この感覚は、ユポならではの気持ちよさです。

ただし──その「なめらかさ」は、インクが定着しにくいという面と表裏一体。
書いた直後に手を触れると、インクや黒鉛がにじんだり、擦れて薄くなったりします。

つまり、

書き心地は抜群。
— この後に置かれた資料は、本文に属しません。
lemma (in vertex_superalgebra) graded_finite_order_sigma_aut:
  assumes g: "is_aut V g" and g_order: "\<exists>k>0. g ^^ k = id"
  shows "graded_finite_order V (sigma V \<circ> g)"
proof (intro graded_finite_order.intro graded_finite_order_axioms.intro)
  show "vertex_superalgebra V"
    by (rule vertex_superalgebra_axioms)
  show "linear_op (sigma V \<circ> g)"
    by (rule module_hom_compose[OF linear_aut[OF g] linear_sigma])
  show "(sigma V \<circ> g) x \<in> gr V w" if "x \<in> gr V w" for x w
    using sigma_homogeneous[OF aut_gr[OF g that]] aut_gr[OF g that] gr_neg by simp
  obtain k where k: "0 < k" "g ^^ k = id"
    using g_order by blast
  have square: "(sigma V \<circ> g) ^^ 2 = g ^^ 2"
    by (rule ext) (simp add: numeral_2_eq_2 aut_sigma_commute[OF g] sigma_sigma)
  have "(sigma V \<circ> g) ^^ (2 * k) = ((sigma V \<circ> g) ^^ 2) ^^ k"
    by (rule funpow_mult[symmetric])
  also have "\<dots> = (g ^^ 2) ^^ k"
    by (simp only: square)
  also have "\<dots> = (g ^^ k) ^^ 2"
    by (simp add: funpow_mult mult.commute)
  finally have "(sigma V \<circ> g) ^^ (2 * k) = id"
    using k(2) by (simp add: numeral_2_eq_2)
  then show "\<exists>k>0. (sigma V \<circ> g) ^^ k = id"
    using k(1) by (intro exI[of _ "2 * k"]) simp
qed
(* There exists a matrix $A=(a_{i,j})\in UT_n(K)$ such that (a) $\mathrm{coef}_{K,l}(a_{i,j})=0$ for all $1\le i<j\le n$ and all $l\in p\mathbb Z\cup\mathbb Z_{\ge0}$, and (b) the equation $X^{(p)}A=X$ defines $L/K$, i.e. it has a solution $\Theta=(\theta_{i,j})\in UT_n(L)$, and for such a solution $L=K(\theta_{i,j}:1\le i<j\le n)$.
   Context: Let $p$ be a prime and $K$ a complete discrete valuation field of characteristic $p$ with algebraically closed residue field $k$, normalized valuation $v_K$. Fix $t\in K$ with $v_K(t)=-1$; every $x\in K$ has a unique expansion $x=\sum_{l\ge v_K(x)}x_lt^{-l}$ with $x_l\in k$, and we set $\mathrm{coef}_{K,l}(x)=x_l$ (and $0$ for $l<v_K(x)$). For a field $F$, $UT_n(F)$ denotes the group of upper triangular $n\times n$ matrices over $F$ with all diagonal entries $1$; $X^{(p)}$ is the matrix obtained by raising every entry of $X$ to the $p$-th power. Let $n\ge2$ and let $L/K$ be a totally wildly ramified finite Galois extension with $\mathrm{Gal}(L/K)\cong UT_n(\mathbb F_p)$. *)

theory Defs
  imports Main "HOL-Computational_Algebra.Primes" "HOL-Algebra.Group"
begin

text \<open>The field L is modelled as the whole type 'a (a field); K and the coefficient
  field k are subsets of it.\<close>

definition is_subfield :: "'a::field set \<Rightarrow> bool" where
  "is_subfield S \<longleftrightarrow> 0 \<in> S \<and> 1 \<in> S \<and>
     (\<forall>x\<in>S. \<forall>y\<in>S. x + y \<in> S \<and> x - y \<in> S \<and> x * y \<in> S) \<and>
     (\<forall>x\<in>S. x \<noteq> 0 \<longrightarrow> inverse x \<in> S)"
theorem lemma3p3:
  shows "limsup (\<lambda>n. ereal (A_n n / OPT_n n)) \<le> ereal (1 - ln (2 - exp (-1)))
    \<and> (\<forall>\<epsilon>>0. \<exists>n m T q l p r. n > 0 \<and> instance_ok n m T q l p r
          \<and> (\<forall>j<m. (\<Sum>i<n. p i j) \<le> 1) \<and> (\<forall>j<m. l j \<ge> n)
          \<and> lp_opt n m T q l p r > 0
          \<and> (\<forall>\<pi>. valid_policy n \<pi> \<longrightarrow>
               expected_revenue n m T q l p r \<pi>
                 \<le> (1 - ln (2 - exp (-1)) + \<epsilon>) * lp_opt n m T q l p r))"
proof (intro conjI allI impI)
  have "eventually (\<lambda>n. ereal (A_n n / OPT_n n) \<le> ereal (ratio_bound n)) sequentially"
    using eventually_ge_at_top[of 2] by eventually_elim (simp add: A_n_over_OPT_n_le)
  then have "limsup (\<lambda>n. ereal (A_n n / OPT_n n)) \<le> limsup (\<lambda>n. ereal (ratio_bound n))"
    by (rule Limsup_mono)
  also have "\<dots> = ereal (1 - ln (2 - exp (-1)))"
    using ratio_bound_tendsto by (intro lim_imp_Limsup) (auto simp: lim_ereal)
  finally show "limsup (\<lambda>n. ereal (A_n n / OPT_n n)) \<le> ereal (1 - ln (2 - exp (-1)))" .
next
  fix \<epsilon> :: real
  assume "\<epsilon> > 0"
  then have "eventually (\<lambda>n. n \<ge> 2 \<and> ratio_bound n < 1 - ln (2 - exp (-1)) + \<epsilon>) sequentially"
    by (intro eventually_conj eventually_ge_at_top order_tendstoD(2)[OF ratio_bound_tendsto]) simp
  then obtain n where n: "n \<ge> 2" and bound: "ratio_bound n < 1 - ln (2 - exp (-1)) + \<epsilon>"
    using eventually_happens'[OF sequentially_bot] by blast
  show "\<exists>n m T q l p r. n > 0 \<and> instance_ok n m T q l p r
          \<and> (\<forall>j<m. (\<Sum>i<n. p i j) \<le> 1) \<and> (\<forall>j<m. l j \<ge> n)
          \<and> lp_opt n m T q l p r > 0
          \<and> (\<forall>\<pi>. valid_policy n \<pi> \<longrightarrow>
               expected_revenue n m T q l p r \<pi>
                 \<le> (1 - ln (2 - exp (-1)) + \<epsilon>) * lp_opt n m T q l p r)"
    by (rule hard_instance_exists[OF n less_imp_le[OF bound]])
qed

end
でも、扱いには少しコツがいる。

これがユポの正直な筆記特性です。

「滑らかで、疲れにくい」
「でも、すぐ触るとにじむ」
このトレードオフを理解して、道具や場面に合わせて使い分けること。
それが、ユポを“書ける紙”として使いこなすいちばんのコツです。


🧩 まとめ|“書けるか”より、“どう使うか”

ユポは、紙とはちがう発想で使う素材です。
書き味の心地よさも、水への強さも、うまく使えば大きな武器になります。

大切なのは、“書けるかどうか”ではなく、“どう使うか”を知っていること。
扱いに少しコツのいる素材ですが、
その特性をわかっていればトラブルを防ぎ、仕上がりを安定させられます。

ユポは、“知って使う”ことで本領を発揮する、奥の深い素材です。


💬 MIYUのひとこと

「ユポって、ちょっと気難しいけど、ちゃんと向き合えばすごく頼れる紙ですね。
ペンによって反応が違うのも、“素材と会話してる”感じがして面白かったです。